With ARPA-E's funding, Berkeley Lab is testing µPMUs in four electric utilities' service territories. When the pilot installations are complete, there will be one at each partner utility. About 10 µPMUs will be split over one or two distribution feeders at each site. In addition, seven µPMUs have been or will be installed on one of Berkeley Lab's distribution feeders (Figure 2). Data from the devices are collected wirelessly and sent via a 4G network to a database on the UC Berkeley campus. The testing will last two years. Stewart and her colleagues are also modeling distribution circuits, and will use data from the field tests to validate their model.

"One application of this research will be to understand what happens when a microgrid synchronizes and desynchronizes from the electric grid," says Stewart. The measurements can help coordinate resources between microgrids and the electric grid.
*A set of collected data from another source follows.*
(* Let $\alpha,\beta,\gamma\in\mathbb{Z}_2^n$. Then (1) $\mathrm{cadp}_0(\alpha,\beta,\gamma)\ne0$ if and only if $\mathrm{adp}^{\oplus}(\alpha,\beta\to\gamma)\ne0$; (2) $\mathrm{cadp}_1(\alpha,\beta,\gamma)\ne0$ if and only if $\mathrm{adp}^{\oplus}(\alpha,\beta\to\gamma)\ne0$ and $\gamma\ne0$.
   Context: For $x\in\mathbb{Z}_2^n$, $x=(x_0,\dots,x_{n-1})$ is identified with the integer $\sum_i x_i2^{n-1-i}$; $+$ is addition modulo $2^n$, $\oplus$ is bitwise XOR. $\mathrm{adp}^{\oplus}(\alpha,\beta\to\gamma)=4^{-n}\#\{(x,y): (x+\alpha)\oplus(y+\beta)=(x\oplus y)+\gamma\}$. Indices $0,\dots,7$ are identified with $\mathbb{Z}_2^3$ via $(p_0,p_1,p_2)\leftrightarrow4p_0+2p_1+p_2$; $e_0,\dots,e_7$ are the standard basis row vectors of $\mathbb{Q}^8$. $A_0$ is $\frac14$ times the $8\times8$ matrix with rows $(4,0,0,1,0,1,1,0)$, $(0,0,0,1,0,1,0,0)$, $(0,0,0,1,0,0,1,0)$, $(0,0,0,1,0,0,0,0)$, $(0,0,0,0,0,1,1,0)$, $(0,0,0,0,0,1,0,0)$, $(0,0,0,0,0,0,1,0)$, $(0,\dots,0)$, and $(A_k)_{i,j}=(A_0)_{i\oplus k,j\oplus k}$. For $\alpha,\beta,\gamma$ let $\omega_i=4\alpha_i+2\beta_i+\gamma_i$. With $L_0=(1,0,1,0,1,0,1,0)$, $L_1=(0,1,0,1,0,1,0,1)$, $\mathrm{cadp}_c(\alpha,\beta,\gamma)=L_cA_{\omega_0}\cdots A_{\omega_{n-1}}e_0^T$. (It is known that $\mathrm{adp}^{\oplus}(\alpha,\beta\to\gamma)=(1,\dots,1)A_{\omega_0}\cdots A_{\omega_{n-1}}e_0^T=\mathrm{cadp}_0+\mathrm{cadp}_1$.) *)

theory Defs
  imports Complex_Main
begin

text \<open>Elements of Z_2^n are represented by natural numbers below 2^n; the
  i-th coordinate (i = 0 most significant) of x is bit x (n - 1 - i).
  Addition is modulo 2^n, XOR is bitwise.\<close>

definition adp :: "nat \<Rightarrow> nat \<Rightarrow> nat \<Rightarrow> nat \<Rightarrow> real" where
  "adp n \<alpha> \<beta> \<gamma> = real (card {(x, y). x < 2^n \<and> y < 2^n \<and>
      xor ((x + \<alpha>) mod 2^n) ((y + \<beta>) mod 2^n) = ((xor x y) + \<gamma>) mod 2^n}) / 4 ^ n"

definition A0rows :: "real list list" where
  "A0rows = [[4,0,0,1,0,1,1,0],
             [0,0,0,1,0,1,0,0],
             [0,0,0,1,0,0,1,0],
             [0,0,0,1,0,0,0,0],
             [0,0,0,0,0,1,1,0],
             [0,0,0,0,0,1,0,0],
             [0,0,0,0,0,0,1,0],
             [0,0,0,0,0,0,0,0]]"

definition A0 :: "nat \<Rightarrow> nat \<Rightarrow> real" where
  "A0 i j = (A0rows ! i ! j) / 4"

definition Amat :: "nat \<Rightarrow> nat \<Rightarrow> nat \<Rightarrow> real" where
  "Amat k i j = A0 (xor i k) (xor j k)"

definition mmult :: "(nat \<Rightarrow> nat \<Rightarrow> real) \<Rightarrow> (nat \<Rightarrow> nat \<Rightarrow> real) \<Rightarrow> nat \<Rightarrow> nat \<Rightarrow> real" where
  "mmult M N i j = (\<Sum>k<8. M i k * N k j)"

definition id8 :: "nat \<Rightarrow> nat \<Rightarrow> real" where
  "id8 i j = (if i = j then 1 else 0)"

definition coord :: "nat \<Rightarrow> nat \<Rightarrow> nat \<Rightarrow> nat" where
  "coord n x i = of_bool (bit x (n - 1 - i))"

definition omega :: "nat \<Rightarrow> nat \<Rightarrow> nat \<Rightarrow> nat \<Rightarrow> nat \<Rightarrow> nat" where
  "omega n \<alpha> \<beta> \<gamma> i = 4 * coord n \<alpha> i + 2 * coord n \<beta> i + coord n \<gamma> i"

definition Aprod :: "nat \<Rightarrow> nat \<Rightarrow> nat \<Rightarrow> nat \<Rightarrow> nat \<Rightarrow> nat \<Rightarrow> real" where
  "Aprod n \<alpha> \<beta> \<gamma> = foldr mmult (map (\<lambda>i. Amat (omega n \<alpha> \<beta> \<gamma> i)) [0..<n]) id8"

definition Lvec :: "nat \<Rightarrow> nat \<Rightarrow> real" where
  "Lvec c j = (if j mod 2 = c then 1 else 0)"

definition cadp :: "nat \<Rightarrow> nat \<Rightarrow> nat \<Rightarrow> nat \<Rightarrow> nat \<Rightarrow> real" where
  "cadp c n \<alpha> \<beta> \<gamma> = (\<Sum>j<8. Lvec c j * Aprod n \<alpha> \<beta> \<gamma> j 0)"

end

theory Submission
  imports Defs
begin

text \<open>
  Index the rows and columns of the matrices by carry triples \<open>s = 4 c\<^sub>1 + 2 c\<^sub>2 + c\<^sub>3\<close>,
  where \<open>c\<^sub>1, c\<^sub>2, c\<^sub>3\<close> are the carries out of a bit position in \<open>x + \<alpha>\<close>, \<open>y + \<beta>\<close> and
  \<open>(x \<oplus> y) + \<gamma>\<close>. Then \<open>A\<^sub>\<omega>\<close> has a nonzero \<open>(s, k)\<close> entry iff, at a position with input
  bits \<open>\<omega>\<close> and incoming carries \<open>k\<close>, some bits of \<open>x\<close> and \<open>y\<close> satisfy the equation and
  produce the outgoing carries \<open>s\<close>. Peeling off the top bit shows by induction that the
  support of column 0 of the product of the \<open>A\<^sub>\<omega>\<^sub>i\<close> is the set of final carry triples of
  the solutions \<open>(x, y)\<close>. Hence \<open>adp \<noteq> 0\<close> iff this support is nonempty, and \<open>cadp\<^sub>c \<noteq> 0\<close>
  iff some solution ends with last carry \<open>c\<^sub>3 = c\<close>, i.e. in a state of parity \<open>c\<close>.

  The support of \<open>A\<^sub>0\<close> consists of the pairs \<open>(i, j)\<close> with \<open>j\<close> of even weight and
  \<open>i \<subseteq> j\<close> bitwise, and that of \<open>A\<^sub>\<omega>\<close> is its translate by \<open>\<omega>\<close>. Consequently every reachable
  support contains, in each weight-parity class it meets, a state with last carry 0; once a
  bit of \<open>\<gamma>\<close> has been 1, also one with last carry 1; and as long as all bits of \<open>\<gamma>\<close> are 0,
  only states with last carry 0.
\<close>

section \<open>Splitting off the top bit\<close>

lemma mod_pow2_Suc_split:
  fixes q r n :: nat
  assumes "r < 2 ^ n"
  shows "(q * 2 ^ n + r) mod 2 ^ Suc n = q mod 2 * 2 ^ n + r"
proof -
  have pow: "(2::nat) ^ Suc n = 2 ^ n * 2" by simp
  have "(q * 2 ^ n + r) div 2 ^ n = q" and "(q * 2 ^ n + r) mod 2 ^ n = r"
    using assms by simp_all
  then show ?thesis unfolding pow by (simp add: mod_mult2_eq)
qed

lemma div_pow2_Suc_split:
  fixes q r n :: nat
  assumes "r < 2 ^ n"
  shows "(q * 2 ^ n + r) div 2 ^ Suc n = q div 2"
proof -
  have pow: "(2::nat) ^ Suc n = 2 ^ n * 2" by simp
  have "(q * 2 ^ n + r) div 2 ^ n = q" and "(q * 2 ^ n + r) mod 2 ^ n = r"
    using assms by simp_all
  then show ?thesis unfolding pow by (simp add: div_mult2_eq)
qed

lemma mult_pow2_add_eq_iff:
  fixes q1 q2 r1 r2 n :: nat
  assumes "r1 < 2 ^ n" and "r2 < 2 ^ n"
  shows "q1 * 2 ^ n + r1 = q2 * 2 ^ n + r2 \<longleftrightarrow> q1 = q2 \<and> r1 = r2"
proof
  assume eq: "q1 * 2 ^ n + r1 = q2 * 2 ^ n + r2"
  have "q1 = (q1 * 2 ^ n + r1) div 2 ^ n" using assms by simp
  also have "\<dots> = q2" unfolding eq using assms by simp
  finally show "q1 = q2 \<and> r1 = r2" using eq by simp
qed simp

lemma add_mult_pow2_add:
  fixes q1 q2 r1 r2 n :: nat
  shows "(q1 * 2 ^ n + r1) + (q2 * 2 ^ n + r2)
    = (q1 + q2 + (r1 + r2) div 2 ^ n) * 2 ^ n + (r1 + r2) mod 2 ^ n"
  using div_mult_mod_eq[of "r1 + r2" "2 ^ n"] by (simp add: algebra_simps)

lemma ex_less_pow2_Suc:
  fixes P :: "nat \<Rightarrow> bool"
  shows "(\<exists>x < 2 ^ Suc n. P x) \<longleftrightarrow> (\<exists>xb < 2. \<exists>x < 2 ^ n. P (xb * 2 ^ n + x))"
proof
  assume "\<exists>x < 2 ^ Suc n. P x"
  then obtain x where "x < 2 ^ Suc n" and "P x" by blast
  then have "x div 2 ^ n < 2" and "P (x div 2 ^ n * 2 ^ n + x mod 2 ^ n)"
    by (simp_all add: div_less_iff_less_mult mult.commute)
  then show "\<exists>xb < 2. \<exists>x < 2 ^ n. P (xb * 2 ^ n + x)" by force
next
  assume "\<exists>xb < 2. \<exists>x < 2 ^ n. P (xb * 2 ^ n + x)"
  then obtain xb x where "xb < 2" "x < 2 ^ n" "P (xb * 2 ^ n + x)" by blast
  moreover have "xb * 2 ^ n + x < 2 ^ Suc n"
    using \<open>xb < 2\<close> \<open>x < 2 ^ n\<close> by (auto simp: less_2_cases_iff)
  ultimately show "\<exists>x < 2 ^ Suc n. P x" by blast
qed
The research will also evaluate whether the systems could improve the management of demand response. "A goal of the study is characterizing the loads during demand resources," Stewart notes. "When customers turn loads on and off at the same time, it could affect the state of the grid.

Microsynchrophasor measurements are ideal for detecting and locating faults that might lead to instabilities on the grid resulting from sudden imbalances in supply and demand." They also have the potential to help system operators better manage the use of intermittent renewable sources of power, and to help match supply to demand through demand response programs and grid storage.